[WHAT THIS TASK INVOLVES]: Copy out the lines of the records below, and only those lines, from the one with "by (simp_all add: prob_vector_on_def)" through the one with "using G(3) obtain_blocks[of G q] by blast", exactly as they appear.

Collected data:
# # # #

lemma sum_admissible_tsi_iter_block_average_le:
  fixes U :: "nat \<Rightarrow> nat \<Rightarrow> real" and a :: "nat \<Rightarrow> nat"
  assumes M: "0 < M" "1 / real M \<le> \<epsilon> / 2" and a: "strict_mono a"
    and U: "\<And>t i. 0 \<le> U t i" "\<And>t. c00 (U t)" "\<And>t. supp (U t) \<subseteq> {a t..<a (Suc t)}"
      "\<And>t. l1_norm (U t) \<le> 1" "\<And>t. tsi_dominated \<beta> (d t) (U t)"
    and d: "\<And>t. 0 \<le> d t" "\<And>t. real (a t + 1) * d t \<le> \<epsilon> / 2" and "0 \<le> \<beta>"
    and Es: "admissible Es" "Es \<noteq> []"
  shows "(\<Sum>j<length Es. tsi_iter m (restr (Es ! j) (\<lambda>i. 1 / real M * (\<Sum>t<M. U t i))))
    \<le> \<epsilon> + \<beta> * l1_norm (\<lambda>i. 1 / real M * (\<Sum>t<M. U t i))"
proof -
  define first where "first t = (if a t \<le> Min (Es ! 0) \<and> Min (Es ! 0) < a (Suc t) then 1 else 0 :: real)" for t
  have "0 \<le> \<epsilon>"
    using M(2) zero_le_divide_1_iff[of "real M"] by linarith
  have block: "(\<Sum>j<length Es. tsi_iter m (restr (Es ! j) (U t))) \<le> \<epsilon> / 2 + \<beta> * l1_norm (U t) + first t" for t
    unfolding first_def
    using sum_admissible_tsi_iter_block_le[OF Es U(2,3,4,5) d \<open>0 \<le> \<beta>\<close>] \<open>0 \<le> \<epsilon>\<close> by simp
  have "(\<Sum>t<M. first t) \<le> 1"
    by (rule sum_over_blocks_le_1[OF a]) (auto simp: first_def split: if_splits)
  have "(\<Sum>j<length Es. tsi_iter m (restr (Es ! j) (\<lambda>i. 1 / real M * (\<Sum>t<M. U t i))))
      \<le> (\<Sum>j<length Es. 1 / real M * (\<Sum>t<M. tsi_iter m (restr (Es ! j) (U t))))"
    unfolding restr_scaled_sum by (intro sum_mono tsi_iter_scaled_sum_le c00_restr U(2)) auto
  also have "\<dots> = 1 / real M * (\<Sum>t<M. \<Sum>j<length Es. tsi_iter m (restr (Es ! j) (U t)))"
    by (subst sum.swap) (simp add: sum_distrib_left)
  also have "\<dots> \<le> 1 / real M * (\<Sum>t<M. \<epsilon> / 2 + \<beta> * l1_norm (U t) + first t)"
    by (intro mult_left_mono sum_mono block) simp
  also have "\<dots> = \<epsilon> / 2 + \<beta> * l1_norm (\<lambda>i. 1 / real M * (\<Sum>t<M. U t i)) + 1 / real M * (\<Sum>t<M. first t)"
    using M(1) l1_norm_scaled_sum[of "{..<M}" U "1 / real M"] U(1,2)
    by (simp add: sum.distrib sum_distrib_left algebra_simps)
  also have "\<dots> \<le> \<epsilon> / 2 + \<beta> * l1_norm (\<lambda>i. 1 / real M * (\<Sum>t<M. U t i)) + 1 / real M"
    using \<open>(\<Sum>t<M. first t) \<le> 1\<close> by (simp add: divide_right_mono)
  also have "\<dots> \<le> \<epsilon> + \<beta> * l1_norm (\<lambda>i. 1 / real M * (\<Sum>t<M. U t i))"
    using M(2) by simp
  finally show ?thesis .
qed

lemma tsi_dominated_block_average:
  fixes U :: "nat \<Rightarrow> nat \<Rightarrow> real" and a :: "nat \<Rightarrow> nat"
  assumes M: "0 < M" "1 / real M \<le> \<epsilon> / 2" and a: "strict_mono a"
    and U: "\<And>t i. 0 \<le> U t i" "\<And>t. c00 (U t)" "\<And>t. supp (U t) \<subseteq> {a t..<a (Suc t)}"
      "\<And>t. l1_norm (U t) \<le> 1" "\<And>t. tsi_dominated \<beta> (d t) (U t)"
    and d: "\<And>t. 0 \<le> d t" "\<And>t. real (a t + 1) * d t \<le> \<epsilon> / 2" and "0 \<le> \<beta>"
  shows "tsi_dominated (\<beta> / 2) \<epsilon> (\<lambda>i. 1 / real M * (\<Sum>t<M. U t i))"
  unfolding tsi_dominated_def restr_scaled_sum
proof (intro allI)
  fix m S
  define w where "w = (\<lambda>i. 1 / real M * (\<Sum>t<M. restr S (U t) i))"
  have U_S: "\<And>t i. 0 \<le> restr S (U t) i" "\<And>t. c00 (restr S (U t))"
    "\<And>t. supp (restr S (U t)) \<subseteq> {a t..<a (Suc t)}" "\<And>t. l1_norm (restr S (U t)) \<le> 1"
    "\<And>t. tsi_dominated \<beta> (d t) (restr S (U t))"
  proof -
    fix t i
    show "0 \<le> restr S (U t) i"
      using U(1) by (simp add: restr_def)
    show "c00 (restr S (U t))"
      by (rule c00_restr[OF U(2)])
    show "supp (restr S (U t)) \<subseteq> {a t..<a (Suc t)}"
      using U(3) by (auto simp: supp_restr)
    show "l1_norm (restr S (U t)) \<le> 1"
      by (rule order_trans[OF l1_norm_restr_le[OF U(2)] U(4)])
    show "tsi_dominated \<beta> (d t) (restr S (U t))"
      by (rule tsi_dominated_restr[OF U(5)])
  qed
  have "0 \<le> \<epsilon>"
    using M(2) zero_le_divide_1_iff[of "real M"] by linarith
  have "0 \<le> \<beta> / 2 * l1_norm w"
    using \<open>0 \<le> \<beta>\<close> l1_norm_nonneg[of w] by simp
  have "tsi_iter m w \<le> \<epsilon> + \<beta> / 2 * l1_norm w"
  proof (induction m)
    case 0
    then show ?case
      using sup_norm_block_average_le[where U = "\<lambda>t. restr S (U t)", OF a U_S(1-4), of M] M(2) \<open>0 \<le> \<epsilon>\<close> \<open>0 \<le> \<beta> / 2 * l1_norm w\<close>
      unfolding w_def by simp
  next
    case (Suc m)
    show ?case
    proof (rule tsi_iter_Suc_le[OF Suc.IH])
      fix Es assume "admissible Es"
      then show "(\<Sum>j<length Es. tsi_iter m (restr (Es ! j) w)) \<le> 2 * (\<epsilon> + \<beta> / 2 * l1_norm w)"
        using sum_admissible_tsi_iter_block_average_le[where U = "\<lambda>t. restr S (U t)",
            OF M a U_S d \<open>0 \<le> \<beta>\<close>, of Es m]
          \<open>0 \<le> \<epsilon>\<close> \<open>0 \<le> \<beta> / 2 * l1_norm w\<close>
        unfolding w_def by (cases "Es = []") simp_all
    qed
  qed
  then show "tsi_iter m (\<lambda>i. 1 / real M * (\<Sum>t<M. restr S (U t) i))
      \<le> \<epsilon> + \<beta> / 2 * l1_norm (\<lambda>i. 1 / real M * (\<Sum>t<M. restr S (U t) i))"
    unfolding w_def .
qed

lemma obtain_blocks:
  fixes G :: "nat \<Rightarrow> nat \<Rightarrow> real"
  assumes "\<And>x. supp (G x) \<subseteq> {x..}" "\<And>x. finite (supp (G x))" "\<And>x. supp (G x) \<noteq> {}"
  obtains a where "strict_mono a" "a 0 = q" "\<And>t. supp (G (a t)) \<subseteq> {a t..<a (Suc t)}"
proof -
  define a where "a = rec_nat q (\<lambda>_ x. Suc (Max (supp (G x))))"
  have blocks: "supp (G (a t)) \<subseteq> {a t..<a (Suc t)}" for t
    using assms(1)[of "a t"] Max_ge[OF assms(2)] by (auto simp: a_def less_Suc_eq_le)
  moreover have "a t < a (Suc t)" for t
    using blocks[of t] assms(3)[of "a t"] by fastforce
  then have "strict_mono a"
    by (simp add: strict_mono_Suc_iff)
  ultimately show ?thesis
    using that by (simp add: a_def)
qed

definition prob_vector_on :: "nat set \<Rightarrow> (nat \<Rightarrow> real) \<Rightarrow> bool" where
  "prob_vector_on A u \<longleftrightarrow> (\<forall>i. 0 \<le> u i) \<and> c00 u \<and> supp u \<subseteq> A \<and> l1_norm u = 1"

lemma exists_tsi_dominated_half:
  assumes IH: "\<And>\<delta> q. 0 < \<delta> \<Longrightarrow> \<exists>u. prob_vector_on (K \<inter> {q..}) u \<and> tsi_dominated \<beta> \<delta> u"
    and "0 \<le> \<beta>" "0 < \<epsilon>"
  shows "\<exists>w. prob_vector_on (K \<inter> {q..}) w \<and> tsi_dominated (\<beta> / 2) \<epsilon> w"
proof -
  define d where "d x = \<epsilon> / 2 / (real x + 1)" for x :: nat
  have d: "0 < d x" "real (x + 1) * d x \<le> \<epsilon> / 2" for x
    using \<open>0 < \<epsilon>\<close> by (simp_all add: d_def field_simps add_pos_nonneg)
  have "\<forall>x. \<exists>u. prob_vector_on (K \<inter> {x..}) u \<and> tsi_dominated \<beta> (d x) u"
    using IH d(1) by blast
  then obtain G where "\<And>x. prob_vector_on (K \<inter> {x..}) (G x) \<and> tsi_dominated \<beta> (d x) (G x)"
    by metis
  then have G: "\<And>x i. 0 \<le> G x i" "\<And>x. c00 (G x)" "\<And>x. supp (G x) \<subseteq> K \<inter> {x..}"
    "\<And>x. l1_norm (G x) = 1" "\<And>x. tsi_dominated \<beta> (d x) (G x)"
    by (simp_all add: prob_vector_on_def)
  have "finite (supp (G x))" "supp (G x) \<noteq> {}" for x
    using G(2,4)[of x] by (auto simp: c00_iff_finite_supp l1_norm_def)
  then obtain a where a: "strict_mono a" "a 0 = q" "\<And>t. supp (G (a t)) \<subseteq> {a t..<a (Suc t)}"
    using G(3) obtain_blocks[of G q] by blast
  define M where "M = nat \<lceil>2 / \<epsilon>\<rceil> + 1"
  have "0 < M"
    by (simp add: M_def)
  have "2 / \<epsilon> \<le> real M"
    unfolding M_def by linarith
  then have "1 / real M \<le> \<epsilon> / 2"
    using \<open>0 < \<epsilon>\<close> \<open>0 < M\<close> by (simp add: field_simps)
  define w where "w i = 1 / real M * (\<Sum>t<M. G (a t) i)" for i
  have "tsi_dominated (\<beta> / 2) \<epsilon> w"
    unfolding w_def using \<open>0 < M\<close> \<open>1 / real M \<le> \<epsilon> / 2\<close> a(1,3) G d \<open>0 \<le> \<beta>\<close>
    by (intro tsi_dominated_block_average[where d = "\<lambda>t. d (a t)"]) (auto intro: less_imp_le)
  moreover have "supp w \<subseteq> K \<inter> {q..}"
  proof -
    have "supp (G (a t)) \<subseteq> K \<inter> {q..}" for t
      using G(3)[of "a t"] a strict_mono_less_eq[OF a(1), of 0 t] by auto
    then show ?thesis
      unfolding w_def using supp_scaled_sum_subset by fastforce
  qed
  moreover have "l1_norm w = 1"
    unfolding w_def using \<open>0 < M\<close> G by (subst l1_norm_scaled_sum) auto
  moreover have "\<forall>i. 0 \<le> w i"
    unfolding w_def using G(1) by (simp add: sum_nonneg)
  moreover have "c00 w"
    unfolding w_def using G(2) by (intro c00_mult c00_sum) auto
  ultimately show ?thesis
    unfolding prob_vector_on_def by blast
qed

lemma exists_tsi_dominated:
  assumes "infinite K" "0 < \<epsilon>"
  shows "\<exists>u. prob_vector_on (K \<inter> {q..}) u \<and> tsi_dominated (1 / 2 ^ r) \<epsilon> u"
  using assms(2)
proof (induction r arbitrary: \<epsilon> q)
  case 0
  obtain p where "p \<in> K" "q \<le> p"
    using assms(1) by (meson infinite_nat_iff_unbounded_le)
  define u where "u i = (if i = p then 1 else 0 :: real)" for i
  have "supp u = {p}"
    by (auto simp: u_def supp_def)
  then have "prob_vector_on (K \<inter> {q..}) u"
    using \<open>p \<in> K\<close> \<open>q \<le> p\<close> by (simp add: prob_vector_on_def c00_iff_finite_supp l1_norm_def u_def)
  moreover have "tsi_iter m (restr S u) \<le> \<epsilon> + 1 * l1_norm (restr S u)" for m S
    using tsi_iter_le_l1_norm[OF c00_restr, of u m S] \<open>prob_vector_on _ u\<close> 0
    by (simp add: prob_vector_on_def)
  ultimately show ?case
    unfolding tsi_dominated_def by simp blast
next
  case (Suc r)
  then show ?case
    using exists_tsi_dominated_half[of K "1 / 2 ^ r"] by (simp add: mult.commute)
qed

lemma exists_tsi_norm_le_1_l1_norm_gt:
  assumes "infinite K"
  shows "\<exists>y. (\<forall>i. 0 \<le> y i) \<and> c00 y \<and> supp y \<subseteq> K \<and> tsi_norm y \<le> 1 \<and> c < l1_norm y"
proof -
  define C where "C = \<bar>c\<bar> + 1"
  have "0 < C" "c < C"
    by (simp_all add: C_def)
  obtain r where r: "2 * C < 2 ^ r"
    using real_arch_pow[of 2 "2 * C"] by auto
  obtain u where u: "\<forall>i. 0 \<le> u i" "c00 u" "supp u \<subseteq> K" "l1_norm u = 1"
    "tsi_dominated (1 / 2 ^ r) (1 / (2 * C)) u"
    using exists_tsi_dominated[OF assms, of "1 / (2 * C)" 0 r] \<open>0 < C\<close>
    by (auto simp: prob_vector_on_def)
  have "tsi_iter m u \<le> 1 / C" for m
  proof -
    have "tsi_iter m u \<le> 1 / (2 * C) + 1 / 2 ^ r"
      using u(5)[unfolded tsi_dominated_def, rule_format, of m UNIV] u(4) by (simp add: restr_def)
    also have "1 / 2 ^ r \<le> 1 / (2 * C)"
      using r \<open>0 < C\<close> by (simp add: frac_le)
    finally show ?thesis
      by simp
  qed
  define y where "y i = C * u i" for i
  have "tsi_iter m y \<le> 1" for m
  proof -
    have "tsi_iter m y \<le> C * tsi_iter m u"
      unfolding y_def using \<open>0 < C\<close> u(2) by (intro tsi_iter_scale_le) auto
    also have "\<dots> \<le> C * (1 / C)"
      using \<open>tsi_iter m u \<le> 1 / C\<close> \<open>0 < C\<close> by (intro mult_left_mono) auto
    finally show ?thesis
      using \<open>0 < C\<close> by simp
  qed
  moreover have "l1_norm y = C"
    unfolding y_def l1_norm_mult using u(4) \<open>0 < C\<close> by simp
  moreover have "supp y = supp u"
    using \<open>0 < C\<close> by (simp add: y_def supp_def)
  moreover have "c00 y" "\<forall>i. 0 \<le> y i"
    unfolding y_def using u(1) \<open>0 < C\<close> by (simp_all add: c00_mult[OF u(2)])
  ultimately show ?thesis
    using u(3) \<open>c < C\<close> by (intro exI[of _ y]) (auto intro: tsi_norm_le)
qed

# # # #

[RESPONSE FOR THIS EXERCISE]:
    by (simp_all add: prob_vector_on_def)
  have "finite (supp (G x))" "supp (G x) \<noteq> {}" for x
    using G(2,4)[of x] by (auto simp: c00_iff_finite_supp l1_norm_def)
  then obtain a where a: "strict_mono a" "a 0 = q" "\<And>t. supp (G (a t)) \<subseteq> {a t..<a (Suc t)}"
    using G(3) obtain_blocks[of G q] by blast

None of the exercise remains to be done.